- Color of berry skin: Blanc
- Species: Vitis vinifera
- Origin: Italy
- Notable regions: Piedmont

= Favorita (grape) =

Variety of grape

Favorita is a white Italian wine grape grown primarily in the Piedmont region. It is most widely planted on the left bank of the Tanaro river in the Roero district near Alba, though some plantings exist on the right bank of the Tanaro in the Langhe hills. Recent DNA profiling shows that Favorita is related to the Liguria grapes Pigato and Vermentino, which may support the theory that the grape originated there. Since the late 20th century, plantings of Favorita have been on the decline as Chardonnay and Arneis have increased in popularity among producers on the right and left bank of the Tanaro respectively. Featuring larger berry sizes than most wine grapes, Favorita has been a popular table grape in Piedmont.

==History==
Favorita has long been closely associated with the Ligurian grape Vermentino, with some early ampelographers theorizing that the two grapes were one and the same.
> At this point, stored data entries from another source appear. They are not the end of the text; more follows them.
lemma bounded_dot_self:
  assumes "compact K"
  obtains R where "R > 0" "\<And>y. y \<in> K \<Longrightarrow> dot I y y \<le> R\<^sup>2"
proof (cases "K = {}")
  case True
  then show ?thesis
    using that[of 1] by simp
next
  case False
  have "continuous_on K (\<lambda>y. dot I y y)"
    by (intro continuous_intros continuous_on_id)
  then obtain m where "\<And>y. y \<in> K \<Longrightarrow> dot I y y \<le> dot I m m"
    using continuous_attains_sup[OF assms False] by blast
  moreover have "dot I m m \<le> (dot I m m + 1)\<^sup>2"
    using dot_self_nonneg[of I m] by (simp add: power2_eq_square algebra_simps)
  ultimately show ?thesis
    using that[of "dot I m m + 1"] dot_self_nonneg[of I m] by fastforce
qed

lemma coordinate_ball_embedding:
  fixes I :: "'i set"
  assumes I: "finite I" and K: "compact K"
  obtains n :: nat and to_ball :: "('i \<Rightarrow> real) \<Rightarrow> nat \<Rightarrow> real" and from_ball where
    "continuous_on UNIV to_ball" "continuous_on UNIV from_ball"
    "\<And>x. x \<in> K \<Longrightarrow> to_ball x \<in> {z \<in> vanishing_outside {..n}. dot {..n} z z \<le> 1}"
    "\<And>x. x \<in> vanishing_outside I \<Longrightarrow> from_ball (to_ball x) = x"
proof -
  define n where "n = card I"
  obtain h where h: "bij_betw h {..<n} I"
    using ex_bij_betw_nat_finite[OF I] unfolding n_def atLeast0LessThan by blast
  define h' where "h' = inv_into {..<n} h"
  have h'_less: "h' i < n" and h_h': "h (h' i) = i" if "i \<in> I" for i
    using that h unfolding h'_def by (auto simp: bij_betw_inv_into_right bij_betw_def inv_into_into)
  obtain R where "R > 0" and R: "\<And>y. y \<in> K \<Longrightarrow> dot I y y \<le> R\<^sup>2"
    using bounded_dot_self[OF K] by blast
  define to_ball where "to_ball x = (\<lambda>j. if j < n then x (h j) / R else 0)" for x :: "'i \<Rightarrow> real"
  define from_ball where "from_ball z = (\<lambda>i. if i \<in> I then R * z (h' i) else 0)"
    for z :: "nat \<Rightarrow> real"
  have "continuous_on UNIV to_ball"
    unfolding to_ball_def using \<open>R > 0\<close> by (intro continuous_intros) auto
  moreover have "continuous_on UNIV from_ball"
    unfolding from_ball_def by (intro continuous_intros)
  moreover have "to_ball x \<in> {z \<in> vanishing_outside {..n}. dot {..n} z z \<le> 1}" if "x \<in> K" for x
  proof -
    have "dot {..n} (to_ball x) (to_ball x) = (\<Sum>j<n. (x (h j))\<^sup>2) / R\<^sup>2"
      by (simp add: dot_def to_ball_def lessThan_Suc_atMost[symmetric] sum_divide_distrib
          power2_eq_square)
    also have "\<dots> = dot I x x / R\<^sup>2"
      using sum.reindex_bij_betw[OF h, of "\<lambda>i. (x i)\<^sup>2"] by (simp add: dot_def power2_eq_square)
    also have "\<dots> \<le> 1"
      using R[OF that] \<open>R > 0\<close> by simp
    finally show ?thesis
      by (simp add: vanishing_outside_def to_ball_def)
  qed
  moreover have "from_ball (to_ball x) = x" if "x \<in> vanishing_outside I" for x
    using that \<open>R > 0\<close> h'_less h_h'
    by (auto simp: from_ball_def to_ball_def vanishing_outside_def fun_eq_iff)
  ultimately show thesis
    by (rule that)
qed
context
  fixes w :: "'d::finite \<Rightarrow> ('d \<Rightarrow> nat) \<Rightarrow> complex"
  assumes commuting: "commuting_weights w"
begin

lemma path_weight_step:
  "\<gamma> j \<noteq> 0 \<Longrightarrow> path_weight w \<gamma> = w j (\<gamma>(j := \<gamma> j - 1)) * path_weight w (\<gamma>(j := \<gamma> j - 1))"
proof (induction \<gamma> arbitrary: j rule: measure_induct_rule[where f = "\<lambda>\<gamma>. sum \<gamma> UNIV"])
  case (less \<gamma> j)
  define s where "s = (SOME j. \<gamma> j \<noteq> 0)"
  have "\<gamma> s \<noteq> 0" unfolding s_def by (rule someI_ex) (use less.prems in blast)
  have unfold_s: "path_weight w \<gamma> = w s (\<gamma>(s := \<gamma> s - 1)) * path_weight w (\<gamma>(s := \<gamma> s - 1))"
    using less.prems by (subst path_weight.simps) (auto simp: s_def Let_def)
  show ?case
  proof (cases "s = j")
    case False
    define \<alpha> where "\<alpha> = \<gamma>(s := \<gamma> s - 1, j := \<gamma> j - 1)"
    have s_first: "path_weight w (\<gamma>(s := \<gamma> s - 1)) = w j \<alpha> * path_weight w \<alpha>"
    proof -
      have "(\<gamma>(s := \<gamma> s - 1)) j \<noteq> 0" "(\<gamma>(s := \<gamma> s - 1))(j := (\<gamma>(s := \<gamma> s - 1)) j - 1) = \<alpha>"
        using less.prems False by (auto simp: \<alpha>_def fun_eq_iff)
      from less.IH[OF sum_fun_upd_decr_less[of \<gamma> s, OF \<open>\<gamma> s \<noteq> 0\<close>] this(1)] this(2)
      show ?thesis by (simp only:)
    qed
    have j_first: "path_weight w (\<gamma>(j := \<gamma> j - 1)) = w s \<alpha> * path_weight w \<alpha>"
    proof -
      have "(\<gamma>(j := \<gamma> j - 1)) s \<noteq> 0" "(\<gamma>(j := \<gamma> j - 1))(s := (\<gamma>(j := \<gamma> j - 1)) s - 1) = \<alpha>"
        using \<open>\<gamma> s \<noteq> 0\<close> False by (auto simp: \<alpha>_def fun_eq_iff)
      from less.IH[OF sum_fun_upd_decr_less[of \<gamma> j, OF less.prems] this(1)] this(2)
      show ?thesis by (simp only:)
    qed
    have "w s (add_unit \<alpha> j) * w j \<alpha> = w j (add_unit \<alpha> s) * w s \<alpha>"
      using commuting unfolding commuting_weights_def by blast
    moreover have "add_unit \<alpha> j = \<gamma>(s := \<gamma> s - 1)" "add_unit \<alpha> s = \<gamma>(j := \<gamma> j - 1)"
      using False less.prems \<open>\<gamma> s \<noteq> 0\<close> by (auto simp: add_unit_def \<alpha>_def fun_eq_iff)
    ultimately have swap: "w s (\<gamma>(s := \<gamma> s - 1)) * w j \<alpha> = w j (\<gamma>(j := \<gamma> j - 1)) * w s \<alpha>"
      by simp
    have "path_weight w \<gamma> = (w s (\<gamma>(s := \<gamma> s - 1)) * w j \<alpha>) * path_weight w \<alpha>"
      by (simp only: unfold_s s_first mult.assoc)
    also have "\<dots> = w j (\<gamma>(j := \<gamma> j - 1)) * path_weight w (\<gamma>(j := \<gamma> j - 1))"
      by (simp only: swap j_first mult.assoc)
    finally show ?thesis .
  qed (use unfold_s in \<open>simp only:\<close>)
qed
(* Let $d\ge 3$ be fixed, $n\to\infty$ with $dn$ even, and run the push model on the configuration multigraph $\widetilde{\mathbb{G}}(n,d)$ starting from vertex $1$. Let $T_0$ be the first round in which the number of informed vertices exceeds $\ln^7 n$. Then with probability $1-o(1)$ we have $T_0 = O(\ln\ln n)$. Moreover, for sufficiently large $n$, with probability $1-o(1)$ the subgraph induced by the set of vertices informed at round $T_0$ is a tree.
   Context: Configuration model: with $V_n=\{1,\dots,n\}$ and clone set $V_n\times[d]$, choose a perfect matching of the clones uniformly at random; projecting each matched pair $\{(u,i),(v,j)\}$ to an edge $uv$ gives a $d$-regular multigraph (loops and multiple edges allowed) denoted $\widetilde{\mathbb{G}}(n,d)$. Push model: initially only vertex 1 is informed; in each round each informed vertex independently chooses one of its $d$ clones uniformly at random and informs the vertex owning the clone matched to it. Probabilities are over both the matching and the protocol. A tree here means the induced multigraph is connected with no cycles, loops or multiple edges. *)

theory Defs
  imports "HOL-Probability.Probability"
begin

definition clones :: "nat \<Rightarrow> nat \<Rightarrow> (nat \<times> nat) set" where
  "clones n d = {1..n} \<times> {..<d}"

text \<open>Perfect matchings of the clone set, as fixed-point-free involutions on the
  clone set (extended by the identity outside, so the set is finite).\<close>
definition perfect_matchings :: "nat \<Rightarrow> nat \<Rightarrow> ((nat \<times> nat) \<Rightarrow> (nat \<times> nat)) set" where
  "perfect_matchings n d =
     {m. (\<forall>x\<in>clones n d. m x \<in> clones n d \<and> m x \<noteq> x \<and> m (m x) = x)
       \<and> (\<forall>x. x \<notin> clones n d \<longrightarrow> m x = x)}"

definition config_pmf :: "nat \<Rightarrow> nat \<Rightarrow> ((nat \<times> nat) \<Rightarrow> (nat \<times> nat)) pmf" where
  "config_pmf n d = pmf_of_set (perfect_matchings n d)"

text \<open>Protocol randomness for one round: every vertex picks a uniformly random clone
  index independently (only the choices of informed vertices are used).\<close>
definition choice_pmf :: "nat \<Rightarrow> nat \<Rightarrow> (nat \<Rightarrow> nat) pmf" where
  "choice_pmf n d = Pi_pmf {1..n} 0 (\<lambda>_. pmf_of_set {..<d})"

definition push_space :: "nat \<Rightarrow> nat \<Rightarrow>
    (((nat \<times> nat) \<Rightarrow> (nat \<times> nat)) \<times> (nat \<Rightarrow> nat) stream) measure" where
  "push_space n d = measure_pmf (config_pmf n d) \<Otimes>\<^sub>M stream_space (measure_pmf (choice_pmf n d))"

primrec informed :: "((nat \<times> nat) \<Rightarrow> (nat \<times> nat)) \<Rightarrow> (nat \<Rightarrow> nat) stream \<Rightarrow> nat \<Rightarrow> nat set" where
  "informed m \<omega> 0 = {1}"
| "informed m \<omega> (Suc t) =
     informed m \<omega> t \<union> (\<lambda>v. fst (m (v, (\<omega> !! t) v))) ` informed m \<omega> t"

definition is_T0 :: "nat \<Rightarrow> ((nat \<times> nat) \<Rightarrow> (nat \<times> nat)) \<Rightarrow> (nat \<Rightarrow> nat) stream \<Rightarrow> nat \<Rightarrow> bool" where
  "is_T0 n m \<omega> t \<longleftrightarrow>
     real (card (informed m \<omega> t)) > (ln (real n)) ^ 7 \<and>
     (\<forall>s<t. \<not> real (card (informed m \<omega> s)) > (ln (real n)) ^ 7)"

definition has_loop :: "nat \<Rightarrow> ((nat \<times> nat) \<Rightarrow> (nat \<times> nat)) \<Rightarrow> nat set \<Rightarrow> bool" where
  "has_loop d m S \<longleftrightarrow> (\<exists>u\<in>S. \<exists>i<d. fst (m (u, i)) = u)"

definition edge_mult :: "nat \<Rightarrow> ((nat \<times> nat) \<Rightarrow> (nat \<times> nat)) \<Rightarrow> nat \<Rightarrow> nat \<Rightarrow> nat" where
  "edge_mult d m u v = card {(i, j). i < d \<and> j < d \<and> m (u, i) = (v, j)}"

definition has_multi_edge :: "nat \<Rightarrow> ((nat \<times> nat) \<Rightarrow> (nat \<times> nat)) \<Rightarrow> nat set \<Rightarrow> bool" where
  "has_multi_edge d m S \<longleftrightarrow> (\<exists>u\<in>S. \<exists>v\<in>S. u \<noteq> v \<and> edge_mult d m u v \<ge> 2)"

definition adj :: "nat \<Rightarrow> ((nat \<times> nat) \<Rightarrow> (nat \<times> nat)) \<Rightarrow> nat set \<Rightarrow> nat \<Rightarrow> nat \<Rightarrow> bool" where
  "adj d m S u v \<longleftrightarrow> u \<in> S \<and> v \<in> S \<and> u \<noteq> v \<and> (\<exists>i<d. \<exists>j<d. m (u, i) = (v, j))"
In 1964, the Italian Ministry of Agriculture determined that there were enough differences in the buds, clusters and leaves of the two vines to officially classify them as separate grape varieties. In recent years, DNA profiling has shown Favorita to be related to Vermentino, as well as Pigato, but confirmed it as a distinct variety.

==Wines==
Favorita wines are noted for their intense pear notes and an ability to age shorter than Arneis. The grapes tend to ripen late and maintain a fair amount of acidity. Historically it has been used as a blending partner with Nebbiolo to soften that grape's harsh tannins. When planted on warm climate sites, the Favorita can develop minerality and notes of sea salt. Exposure to oak barrel aging can give the wine a rounder mouthfeel.